Leaving aside what motivates people to take up particular research questions, there's the fraught question of research funding. Research that might produce something of commercial value tends to attract funders more readily than other research. This might not matter, except that for every bit of research done, there is an opportunity cost in the form of another, maybe more beneficial bit of research that won't be done. The worth of every bit of research - its ethical merits and its social usefulness - should be scrutinised closely before it's begun.

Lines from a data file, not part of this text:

text \<open>Since \<open>m\<close> is a multiple of all earlier numbers of bins, bin \<open>i\<close> lies inside
  the bin in which its last ball \<open>y\<close> was placed, at the time of that placement.\<close>

lemma high_ball_in_loaded_bin:
  assumes multiple: "\<And>y. y < t \<Longrightarrow> bins M0 y dvd m"
    and load: "Suc k \<le> load H (choice M0 tb H t) t m i"
  shows "\<exists>y<t. pos H (choice M0 tb H t) y m = i \<and> k \<le> ball_height M0 tb H y"
proof -
  define c where "c = choice M0 tb H t"
  define S where "S = {x. x < t \<and> pos H c x m = i}"
  have fin: "finite S"
    unfolding S_def by auto
  have card_S: "Suc k \<le> card S"
    using load unfolding S_def c_def load_def .
  define y where "y = Max S"
  have "y \<in> S"
    unfolding y_def using fin card_S by (intro Max_in) auto
  then have yt: "y < t" and pos_y: "pos H c y m = i"
    unfolding S_def by auto
  have pos_mod: "pos H (choice M0 tb H y') x (bins M0 y) = pos H c x m mod bins M0 y"
    if "x < y'" "y' \<le> t" for x y'
    using choice_eq_choice_Suc[of x y'] choice_eq_choice_Suc[of x t] that yt
    by (auto simp: pos_def c_def mod_mod_cancel[OF multiple[OF yt]])
  have "S - {y} \<subseteq>
      {x. x < y \<and> pos H (choice M0 tb H y) x (bins M0 y) =
                  pos H (choice M0 tb H (Suc y)) y (bins M0 y)}"
  proof
    fix x assume x: "x \<in> S - {y}"
    then have "x < y"
      unfolding y_def using Max_ge[OF fin, of x] by auto
    with x show "x \<in> {x. x < y \<and> pos H (choice M0 tb H y) x (bins M0 y) =
                  pos H (choice M0 tb H (Suc y)) y (bins M0 y)}"
      using pos_mod[of x y] pos_mod[of y "Suc y"] yt pos_y unfolding S_def by auto
  qed
  then have "card (S - {y}) \<le> ball_height M0 tb H y"
    unfolding load_chosen_bin_eq_ball_height[symmetric] load_def by (intro card_mono) auto
  moreover have "card (S - {y}) = card S - 1"
    using \<open>y \<in> S\<close> fin by simp
  ultimately show ?thesis
    using card_S yt pos_y c_def by auto
qed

In light of all this, it's kind of annoying to see a university producing research that not only offers nothing useful to humankind whatsoever, but seems to reinforce dumb stereotypes about the relationships between men and women, and the roles of each. It's the same old story. Men are programmed by evolution to hunt women, picking and choosing amongst us to find good breeders. We display our wares in the hope of being chosen by a strong and protective male who will provide for us. Whatever. And the idea that the measure of a woman's attractiveness is how much a bloke will spend on her is so antiquated that it's difficult to know where to begin laughing at it. Using this as a research question does little except show the researchers' quaint ideas about how men and women ought to socialise. It's like the researchers started with the answer - what they thought the relationship between the sexes ought to look like - then tried to gather data to fit.

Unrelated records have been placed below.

lemma Klinear_right_mult: "Klinear (\<lambda>x. x * a)"
  unfolding Klinear_def by (simp add: distrib_right mult.assoc)

lemma Klinear_zero: "Klinear f \<Longrightarrow> f 0 = 0"
  unfolding Klinear_def by (metis add_0 add_cancel_right_right)

lemma Klinear_combine:
  assumes f: "Klinear f"
  shows "set Ks \<subseteq> K \<Longrightarrow> R.combine Ks (map f Us) = f (R.combine Ks Us)"
proof (induction Us arbitrary: Ks)
  case Nil thus ?case using Klinear_zero[OF f] by simp
next
  case (Cons u Us)
  show ?case
  proof (cases Ks)
    case Nil thus ?thesis using Klinear_zero[OF f] by simp
  next
    case (Cons k Ks')
    hence "k \<in> K" and "set Ks' \<subseteq> K" using Cons.prems by auto
    thus ?thesis using Cons.IH f unfolding Cons Klinear_def by simp
  qed
qed

lemma Klinear_Span:
  assumes f: "Klinear f" shows "R.Span K (map f Us) = f ` R.Span K Us"
proof -
  have "R.Span K (map f Us) = {R.combine Ks (map f Us) | Ks. set Ks \<subseteq> K}"
    by (rule R.Span_eq_combine_set[OF subfield]) simp
  also have "\<dots> = {f (R.combine Ks Us) | Ks. set Ks \<subseteq> K}"
    using Klinear_combine[OF f] by metis
  also have "\<dots> = f ` {R.combine Ks Us | Ks. set Ks \<subseteq> K}"
    by blast
  also have "{R.combine Ks Us | Ks. set Ks \<subseteq> K} = R.Span K Us"
    by (rule R.Span_eq_combine_set[OF subfield, symmetric]) simp
  finally show ?thesis .
qed

lemma Klinear_dim:
  assumes f: "Klinear f" and inj: "inj f" and fV: "R.finite_dimension K V"
  shows "R.finite_dimension K (f ` V)" and "R.dim K (f ` V) = R.dim K V"
proof -
  obtain Vs where Vs: "R.independent K Vs" "length Vs = R.dim K V" "R.Span K Vs = V"
    using finite_dim_base[OF fV] by blast
  have "R.independent K (map f Vs)"
  proof (rule R.trivial_combine_imp_independent[OF subfield])
    fix Ks assume Ks: "set Ks \<subseteq> K" "R.combine Ks (map f Vs) = \<zero>\<^bsub>RR\<^esub>"
    hence "R.combine Ks Vs = \<zero>\<^bsub>RR\<^esub>"
      using Klinear_combine[OF f Ks(1)] Klinear_zero[OF f] inj by (metis RR_simps(4) injD)
    thus "set (take (length (map f Vs)) Ks) \<subseteq> {\<zero>\<^bsub>RR\<^esub>}"
      using R.independent_imp_trivial_combine[OF subfield Vs(1) Ks(1)] by simp
  qed simp
  hence "R.dimension (length Vs) K (f ` V)"
    using R.dimension_independent Klinear_Span[OF f, of Vs] Vs(3) by fastforce
  thus "R.finite_dimension K (f ` V)" and "R.dim K (f ` V) = R.dim K V"
    using R.finite_dimensionI dim_eqI Vs(2) by auto
qed

lemma Klinear_image_subspace:
  assumes f: "Klinear f" and V: "Ksubspace K V" shows "Ksubspace K (f ` V)"
  unfolding Ksubspace_def
proof (intro conjI ballI)
  show "0 \<in> f ` V" using V Klinear_zero[OF f] unfolding Ksubspace_def by force
next
  fix a b assume "a \<in> f ` V" "b \<in> f ` V"
  then obtain x y where "a = f x" "b = f y" "x \<in> V" "y \<in> V" by blast
  moreover have "x + y \<in> V" and "f (x + y) = f x + f y"
    using f V \<open>x \<in> V\<close> \<open>y \<in> V\<close> unfolding Klinear_def Ksubspace_def by blast+
  ultimately show "a + b \<in> f ` V" by (metis image_eqI)
next
  fix k a assume k: "k \<in> K" and "a \<in> f ` V"
  then obtain x where "a = f x" "x \<in> V" by blast
  moreover have "k * x \<in> V" and "f (k * x) = k * f x"
    using f V k \<open>x \<in> V\<close> unfolding Klinear_def Ksubspace_def by blast+
  ultimately show "k * a \<in> f ` V" by (metis image_eqI)
qed

lemma Klinear_preimage_subspace:
  assumes f: "Klinear f" and W: "Ksubspace K W" shows "Ksubspace K {x. f x \<in> W}"
  using f W Klinear_zero[OF f] unfolding Ksubspace_def Klinear_def by auto

lemma left_mult_dim:
  assumes "a \<noteq> 0" "R.finite_dimension K V"
  shows "R.finite_dimension K ((*) a ` V)" and "R.dim K ((*) a ` V) = R.dim K V"
proof -
  have "inj ((*) a)" using assms(1) by (auto intro: injI)
  thus "R.finite_dimension K ((*) a ` V)" and "R.dim K ((*) a ` V) = R.dim K V"
    using Klinear_dim[OF Klinear_left_mult _ assms(2)] by auto
qed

So, what was the purpose of this University of Rochester research? Is it intended to help us ladies snag husbands? Was the researcher trying to get his name in the newspaper, or to promote some pop-psychology book he's writing? Whatever it is, it's hard to see this research making the world a better place.

6 comments:

Violet said...

Interesting what you said about how cultural assumptions influence what is researched. But I recall from my university days (I was a science major) that the scientific method is to: start with a hypothesis, see if you can disprove it, then come to some conclusion. Surely this suggests that scientists are actually supposed to have some belief/opinion/cultural bias to start with. Not that I disagree with you on the worth of the "lady in red" research, but I find that kind of thing very handy for making small talk at parties.

Hugh said...

I don't understand how you're going from the formal conclusion of this research, "straight men are more attracted to women who wear red" to what you have identified as the implict conclusion, namely "Men are programmed by evolution to hunt women..." etc. What's the connection? I don't see it.

Generally I think any research that deals with how people are attracted to one another falls under the heading of "social usefulness", myself. Sexual/romantic attraction is a tremendously significant dynamic in human society and any further understanding of it can only be helpful, in my view.

Anna said...

Hi Violet - that's pretty much what Sandra Harding argues (or half of it). She claims that Western science's claims to be being superior to other forms of knowledge is based on the belief that Western science is objective, which is in turn based on the neutrality given by hypothesis testing. This overlooks the fact that hypothesis selection falls outside the safeguards of scientific method, and completely reflects what the researcher regards as interesting or important or problematic. Therefore, when science claims to be an unbiased representation of the facts, it's actually a partial view - ie the particular information that someone with a particular view has chosen to put forward. I find that critique pretty straightforward and acceptable.

Harding also has some critiques of scientific method itself which I'm not quite as comfortable with, but to be fair, she doesn't throw the baby out with the bathwater. She argues for retention of traditional scientific methodology, but for scrutinising it more closely for cultural bias. She thinks it's inevitable that science carries the biases of researchers, but that we should at least have a crack at exchanging anti-woman or racist biases with more progressive ones.

If you're interested, the book to read is 'The Science Question in Feminism', which explains it much better than me!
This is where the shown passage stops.